- [What is expected]: Each line from the one containing "thus ?thesis unfolding" to the final line of the listing below must be transcribed exactly; all others are left out.

^^^^^^^^

(* The scheme $X_h\subset U_h^{2,q}$ is defined by the vanishing of the polynomials $$f_{2k}=(a_{2k}^{q^2}-a_{2k})+\sum_{i=1}^{2k-1}(-1)^i a_i^q\,(a_{2k-i}^{q^2}-a_{2k-i}),\qquad 1\le k\le h-1,$$ in the coordinates $a_1,\dots,a_{2(h-1)}$ of $1+\sum a_i\tau^i$ (as usual $a_0=1$ is not a coordinate and does not occur).
   Context: Let $p$ be a prime, $q$ a power of $p$, and $h\ge2$ an integer. For a commutative $\mathbb{F}_q$-algebra $A$, $U_h^{2,q}(A)$ is the set of formal expressions $1+\sum_{i=1}^{2(h-1)}a_i\tau^i$ ($a_i\in A$) with multiplication obtained by extending $(a\tau^i)(b\tau^j)=ab^{q^i}\tau^{i+j}$ bi-additively, where $\tau^0=1$ and $\tau^k=0$ for $k>2(h-1)$; as a scheme $U_h^{2,q}$ is affine space with coordinates $a_1,\dots,a_{2(h-1)}$. For $x=1+\sum a_i\tau^i\in U_h^{2,q}(A)$ let $\iota_h(x)=\begin{pmatrix}1+a_2\pi+a_4\pi^2+\cdots & a_1+a_3\pi+a_5\pi^2+\cdots\\ a_1^q\pi+a_3^q\pi^2+\cdots & 1+a_2^q\pi+a_4^q\pi^2+\cdots\end{pmatrix}$, a matrix over $A[\pi]/(\pi^h)$, and write $\det\iota_h(x)=1+\sum_{k=1}^{h-1}c_k(x)\pi^k$. The subscheme $X_h\subset U_h^{2,q}$ is defined by the condition that $\det\iota_h(x)$ is fixed by the $q$-power Frobenius on coefficients, i.e. $c_k^q=c_k$ for $1\le k\le h-1$. *)

theory Defs
  imports "HOL-Computational_Algebra.Polynomial"
begin

text \<open>A point of U_h^{2,q}(A) is given by its coordinates a_1,...,a_{2(h-1)};
  we model it by a function a :: nat => 'a of which only the values at
  1..2(h-1) matter. ucoord adds the conventions a_0 = 1 and a_i = 0 for i > 2(h-1).\<close>
definition ucoord :: "nat \<Rightarrow> (nat \<Rightarrow> 'a::comm_ring_1) \<Rightarrow> nat \<Rightarrow> 'a" where
  "ucoord h a i = (if i = 0 then 1 else if i \<le> 2 * (h - 1) then a i else 0)"

text \<open>Entries of iota_h(x), as polynomials in pi of degree < h
  (representatives of elements of A[pi]/(pi^h)).\<close>
definition iota11 :: "nat \<Rightarrow> nat \<Rightarrow> (nat \<Rightarrow> 'a::comm_ring_1) \<Rightarrow> 'a poly" where
  "iota11 q h a = (\<Sum>j<h. monom (ucoord h a (2 * j)) j)"
definition iota12 :: "nat \<Rightarrow> nat \<Rightarrow> (nat \<Rightarrow> 'a::comm_ring_1) \<Rightarrow> 'a poly" where
  "iota12 q h a = (\<Sum>j<h. monom (ucoord h a (2 * j + 1)) j)"
definition iota21 :: "nat \<Rightarrow> nat \<Rightarrow> (nat \<Rightarrow> 'a::comm_ring_1) \<Rightarrow> 'a poly" where
  "iota21 q h a = (\<Sum>j\<in>{1..<h}. monom ((ucoord h a (2 * j - 1)) ^ q) j)"
definition iota22 :: "nat \<Rightarrow> nat \<Rightarrow> (nat \<Rightarrow> 'a::comm_ring_1) \<Rightarrow> 'a poly" where
  "iota22 q h a = (\<Sum>j<h. monom ((ucoord h a (2 * j)) ^ q) j)"

text \<open>det iota_h(x), computed in A[pi]; its coefficients of pi^k for k < h agree
  with those of the determinant in A[pi]/(pi^h).\<close>
definition det_iota :: "nat \<Rightarrow> nat \<Rightarrow> (nat \<Rightarrow> 'a::comm_ring_1) \<Rightarrow> 'a poly" where
  "det_iota q h a = iota11 q h a * iota22 q h a - iota12 q h a * iota21 q h a"

definition c_coef :: "nat \<Rightarrow> nat \<Rightarrow> (nat \<Rightarrow> 'a::comm_ring_1) \<Rightarrow> nat \<Rightarrow> 'a" where
  "c_coef q h a k = coeff (det_iota q h a) k"

definition in_X :: "nat \<Rightarrow> nat \<Rightarrow> (nat \<Rightarrow> 'a::comm_ring_1) \<Rightarrow> bool" where
  "in_X q h a \<longleftrightarrow> (\<forall>k\<in>{1..h-1}. (c_coef q h a k) ^ q = c_coef q h a k)"

definition f_poly :: "nat \<Rightarrow> nat \<Rightarrow> (nat \<Rightarrow> 'a::comm_ring_1) \<Rightarrow> nat \<Rightarrow> 'a" where
  "f_poly q h a k =
     ((ucoord h a (2*k)) ^ (q^2) - ucoord h a (2*k))
     + (\<Sum>i\<in>{1..2*k-1}. (-1) ^ i * (ucoord h a i) ^ q *
          ((ucoord h a (2*k-i)) ^ (q^2) - ucoord h a (2*k-i)))"

end

theory Submission
  imports Defs
begin

text \<open>The map \<open>\<phi>\<close> from the finite field of order \<open>q\<close> sends the binomial coefficients
  \<open>q choose i\<close>, \<open>0 < i < q\<close>, which vanish in that field, to \<open>0\<close>; hence \<open>x \<mapsto> x^q\<close> is additive on
  \<open>A\<close>. Expanding the determinant gives
  \<open>c_k = \<Sum>(-1)^i a_i a_(2k-i)^q\<close> over \<open>i \<le> 2k\<close>, and reversing the order of summation also
  \<open>c_k = \<Sum>(-1)^i a_i^q a_(2k-i)\<close>. Raising the first form to the \<open>q\<close>-th power and subtracting
  the second yields \<open>c_k^q - c_k = f_2k\<close>.\<close>

lemma card_finite_field_ge_2: "card (UNIV :: 'k::{field,finite} set) \<ge> 2"
proof -
  have "card {0::'k, 1} \<le> card (UNIV :: 'k set)" by (rule card_mono) auto
  thus ?thesis by simp
qed

lemma power_card_finite_field:
  fixes t :: "'k::{field,finite}"
  shows "t ^ card (UNIV :: 'k set) = t"
proof (cases "t = 0")
  case True
  thus ?thesis by (simp add: finite_UNIV_card_ge_0)
next
  case False
  let ?S = "UNIV - {0::'k}"
  have bij: "bij_betw ((*) t) ?S ?S"
    by (rule bij_betw_byWitness[where f' = "\<lambda>x. x / t"]) (use False in auto)
  have "t ^ card ?S * (\<Prod>x\<in>?S. x) = (\<Prod>x\<in>?S. t * x)"
    by (simp add: prod.distrib)
  also have "\<dots> = (\<Prod>x\<in>?S. x)"
    using prod.reindex_bij_betw[OF bij, of "\<lambda>x. x"] by simp
  finally have "t ^ card ?S = 1" by simp
  moreover have "card (UNIV :: 'k set) = Suc (card ?S)"
    using finite_UNIV_card_ge_0[where 'a = 'k] by (simp add: card_Diff_singleton)
  ultimately show ?thesis by (metis power_Suc mult_1_right)
qed

text \<open>The polynomial \<open>(X+1)^q - X^q - 1\<close> has degree \<open>< q\<close> but vanishes at all \<open>q\<close> points of
  the field, so it is zero.\<close>
lemma binomial_card_finite_field_eq_0:
  assumes "0 < i" "i < card (UNIV :: 'k::{field,finite} set)"
  shows "(of_nat (card (UNIV :: 'k set) choose i) :: 'k) = 0"
proof -
  define q where "q = card (UNIV :: 'k set)"
  define P :: "'k poly" where "P = (\<Sum>i\<in>{1..<q}. monom (of_nat (q choose i)) i)"
  have q2: "q \<ge> 2" unfolding q_def by (rule card_finite_field_ge_2)
  have coeff_P: "coeff P j = (if j \<in> {1..<q} then of_nat (q choose j) else 0)" for j
    unfolding P_def by (simp add: coeff_sum coeff_monom)
  have "poly P t = 0" for t
  proof -
    have split: "{..q} = insert 0 (insert q {1..<q})" using q2 by auto
    have "t + 1 = (t + 1) ^ q" unfolding q_def by (rule power_card_finite_field[symmetric])
    also have "\<dots> = (\<Sum>i\<le>q. of_nat (q choose i) * t ^ i)"
      by (simp add: binomial_ring)
    also have "\<dots> = 1 + t ^ q + poly P t"
      using q2 by (simp add: split P_def poly_sum poly_monom)
    also have "t ^ q = t" unfolding q_def by (rule power_card_finite_field)
    finally show ?thesis by simp
  qed
  hence "{x. poly P x = 0} = UNIV" by auto
  moreover have "degree P < q"
    using q2 by (intro le_less_trans[OF degree_le[of "q - 1"]]) (auto simp: coeff_P)
  ultimately have "P = 0"
    using card_poly_roots_bound[of P] unfolding q_def by fastforce
  thus ?thesis using assms coeff_P[of i] unfolding q_def by simp
qed

lemma power_card_add_of_additive:
  fixes \<phi> :: "'k::{field,finite} \<Rightarrow> 'a::comm_ring_1"
  assumes "\<phi> 1 = 1" and add: "\<And>x y. \<phi> (x + y) = \<phi> x + \<phi> y"
  shows "(x + y :: 'a) ^ card (UNIV :: 'k set)
    = x ^ card (UNIV :: 'k set) + y ^ card (UNIV :: 'k set)"
proof -
  let ?q = "card (UNIV :: 'k set)"
  have q2: "?q \<ge> 2" by (rule card_finite_field_ge_2)
  have "\<phi> 0 = 0" using add[of 0 0] by simp
  hence \<phi>_of_nat: "\<phi> (of_nat n) = of_nat n" for n
    by (induction n) (simp_all add: add assms(1))
  have "(of_nat (?q choose i) :: 'a) = 0" if "0 < i" "i < ?q" for i
    using \<phi>_of_nat[of "?q choose i"] binomial_card_finite_field_eq_0[OF that] \<open>\<phi> 0 = 0\<close>
    by simp
  moreover have "{..?q} = insert 0 (insert ?q {1..<?q})" using q2 by auto
  ultimately show ?thesis
    using q2 by (simp add: binomial_ring[of x y ?q] add.commute)
qed

lemma power_sum_of_power_add:
  assumes "\<And>x y :: 'a::comm_ring_1. (x + y) ^ q = x ^ q + y ^ q" "q > 0"
  shows "(sum f S :: 'a) ^ q = (\<Sum>i\<in>S. f i ^ q)"
  using assms by (induction S rule: infinite_finite_induct) (auto simp: power_0_left)

lemma neg_one_power_of_power_add:
  assumes "\<And>x y :: 'a::comm_ring_1. (x + y) ^ q = x ^ q + y ^ q" "q > 0"
  shows "(-1 :: 'a) ^ q = -1"
proof -
  have "(1 + (-1::'a)) ^ q = 1 + (-1) ^ q" using assms(1)[of 1 "-1"] by simp
  hence "1 + (-1::'a) ^ q = 0" using assms(2) by (simp add: power_0_left)
  thus ?thesis by (simp add: eq_neg_iff_add_eq_0 add.commute)
qed

lemma sum_alternating_even_odd:
  fixes g :: "nat \<Rightarrow> 'a::comm_ring_1"
  shows "(\<Sum>i\<le>2*k. (-1)^i * g i) = (\<Sum>j\<le>k. g (2*j)) - (\<Sum>j<k. g (2*j+1))"
proof (induction k)
  case 0
  thus ?case by simp
next
  case (Suc k)
  have "{..2 * Suc k} = insert (2*k+2) (insert (2*k+1) {..2*k})" by auto
  thus ?case using Suc by (simp add: algebra_simps)
qed

lemma sum_alternating_reflect:
  fixes g :: "nat \<Rightarrow> nat \<Rightarrow> 'a::comm_ring_1"
  shows "(\<Sum>i\<le>2*k. (-1)^i * g i (2*k - i)) = (\<Sum>i\<le>2*k. (-1)^i * g (2*k - i) i)"
proof (rule sum.reindex_bij_witness[where i = "\<lambda>i. 2*k - i" and j = "\<lambda>i. 2*k - i"])
  fix i assume "i \<in> {..2*k}"
  moreover have "(-1::'a) ^ (2*k - i) = (-1) ^ i" if "i \<le> 2*k"
    using that by (auto simp: minus_one_power_iff)
  ultimately show "(-1)^(2*k - i) * g (2*k - (2*k - i)) (2*k - i) = (-1)^i * g i (2*k - i)"
    by simp
qed auto

lemma coeff_iota11: "coeff (iota11 q h a) j = (if j < h then ucoord h a (2*j) else 0)"
  unfolding iota11_def by (simp add: coeff_sum coeff_monom)

lemma coeff_iota12: "coeff (iota12 q h a) j = (if j < h then ucoord h a (2*j+1) else 0)"
  unfolding iota12_def by (simp add: coeff_sum coeff_monom)

lemma coeff_iota21:
  "coeff (iota21 q h a) j = (if 1 \<le> j \<and> j < h then ucoord h a (2*j-1) ^ q else 0)"
  unfolding iota21_def by (simp add: coeff_sum coeff_monom)

lemma coeff_iota22: "coeff (iota22 q h a) j = (if j < h then ucoord h a (2*j) ^ q else 0)"
  unfolding iota22_def by (simp add: coeff_sum coeff_monom)

lemma c_coef_alternating_sum:
  assumes "1 \<le> k" "k < h"
  shows "c_coef q h a k = (\<Sum>i\<le>2*k. (-1)^i * (ucoord h a i * ucoord h a (2*k - i) ^ q))"
proof -
  let ?u = "ucoord h a"
  have even: "coeff (iota11 q h a * iota22 q h a) k = (\<Sum>j\<le>k. ?u (2*j) * ?u (2*k - 2*j) ^ q)"
    unfolding coeff_mult using assms
    by (intro sum.cong) (auto simp: coeff_iota11 coeff_iota22 right_diff_distrib')
  have "coeff (iota12 q h a * iota21 q h a) k
      = (\<Sum>j<Suc k. coeff (iota12 q h a) j * coeff (iota21 q h a) (k - j))"
    unfolding coeff_mult by (simp add: lessThan_Suc_atMost)
  also have "\<dots> = (\<Sum>j<k. coeff (iota12 q h a) j * coeff (iota21 q h a) (k - j))"
    by (simp add: coeff_iota21)
  also have "\<dots> = (\<Sum>j<k. ?u (2*j+1) * ?u (2*k - (2*j+1)) ^ q)"
    using assms by (intro sum.cong) (auto simp: coeff_iota12 coeff_iota21 diff_mult_distrib2)
  finally have odd: "coeff (iota12 q h a * iota21 q h a) k = \<dots>" .
  show ?thesis
    unfolding c_coef_def det_iota_def coeff_diff even odd sum_alternating_even_odd by simp
qed

lemma c_coef_power_diff_eq_f_poly:
  fixes a :: "nat \<Rightarrow> 'a::comm_ring_1"
  assumes frob: "\<And>x y :: 'a. (x + y) ^ q = x ^ q + y ^ q" and "q > 0"
    and k: "1 \<le> k" "k < h"
  shows "(c_coef q h a k) ^ q - c_coef q h a k = f_poly q h a k"
proof -
  let ?u = "ucoord h a"
  have sign: "((-1::'a) ^ i) ^ q = (-1) ^ i" for i
    using neg_one_power_of_power_add[OF assms(1,2)]
    by (metis power_mult power_mult_distrib mult.commute)
  have power: "(c_coef q h a k) ^ q = (\<Sum>i\<le>2*k. (-1)^i * (?u i ^ q * ?u (2*k - i) ^ q\<^sup>2))"
    unfolding c_coef_alternating_sum[OF k] power_sum_of_power_add[OF assms(1,2)]
    by (simp add: power_mult_distrib sign power2_eq_square power_mult)
  have reflected: "c_coef q h a k = (\<Sum>i\<le>2*k. (-1)^i * (?u i ^ q * ?u (2*k - i)))"
    unfolding c_coef_alternating_sum[OF k]
      sum_alternating_reflect[of "\<lambda>i j. ?u i * ?u j ^ q" k]
    by (simp add: mult.commute)
  have "(c_coef q h a k) ^ q - c_coef q h a k
      = (\<Sum>i\<le>2*k. (-1)^i * (?u i ^ q * ?u (2*k - i) ^ q\<^sup>2))
        - (\<Sum>i\<le>2*k. (-1)^i * (?u i ^ q * ?u (2*k - i)))"
    by (subst power, subst reflected) (rule refl)
  also have "\<dots> = (\<Sum>i\<le>2*k. (-1)^i * ?u i ^ q * (?u (2*k - i) ^ q\<^sup>2 - ?u (2*k - i)))"
    unfolding sum_subtractf[symmetric] by (intro sum.cong refl) (simp add: algebra_simps)
  also have "{..2*k} = insert 0 (insert (2*k) {1..2*k-1})" using k by auto
  also have "(\<Sum>i\<in>insert 0 (insert (2*k) {1..2*k-1}).
        (-1)^i * ?u i ^ q * (?u (2*k - i) ^ q\<^sup>2 - ?u (2*k - i))) = f_poly q h a k"
    using k unfolding f_poly_def by (simp add: ucoord_def)
  finally show ?thesis .
qed

theorem theorem4p1:
  fixes \<phi> :: "'k::{field,finite} \<Rightarrow> 'a::comm_ring_1"
    and q h :: nat and a :: "nat \<Rightarrow> 'a"
  assumes "card (UNIV :: 'k set) = q"
    and "\<phi> 1 = 1"
    and "\<And>x y. \<phi> (x + y) = \<phi> x + \<phi> y"
    and "\<And>x y. \<phi> (x * y) = \<phi> x * \<phi> y"
    and "h \<ge> 2"
  shows "in_X q h a \<longleftrightarrow> (\<forall>k\<in>{1..h-1}. f_poly q h a k = 0)"
proof -
  have frob: "\<And>x y :: 'a. (x + y) ^ q = x ^ q + y ^ q"
    using power_card_add_of_additive[OF assms(2,3)] assms(1) by blast
  have "q > 0" using card_finite_field_ge_2[where 'k = 'k] assms(1) by simp
  have "\<forall>k\<in>{1..h-1}. (c_coef q h a k) ^ q - c_coef q h a k = f_poly q h a k"
    using c_coef_power_diff_eq_f_poly[OF frob \<open>q > 0\<close>] assms(5) by auto
  thus ?thesis unfolding in_X_def by (metis eq_iff_diff_eq_0)
qed

end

^^^^^^^^

- [Answer space]:
  thus ?thesis unfolding in_X_def by (metis eq_iff_diff_eq_0)
qed

end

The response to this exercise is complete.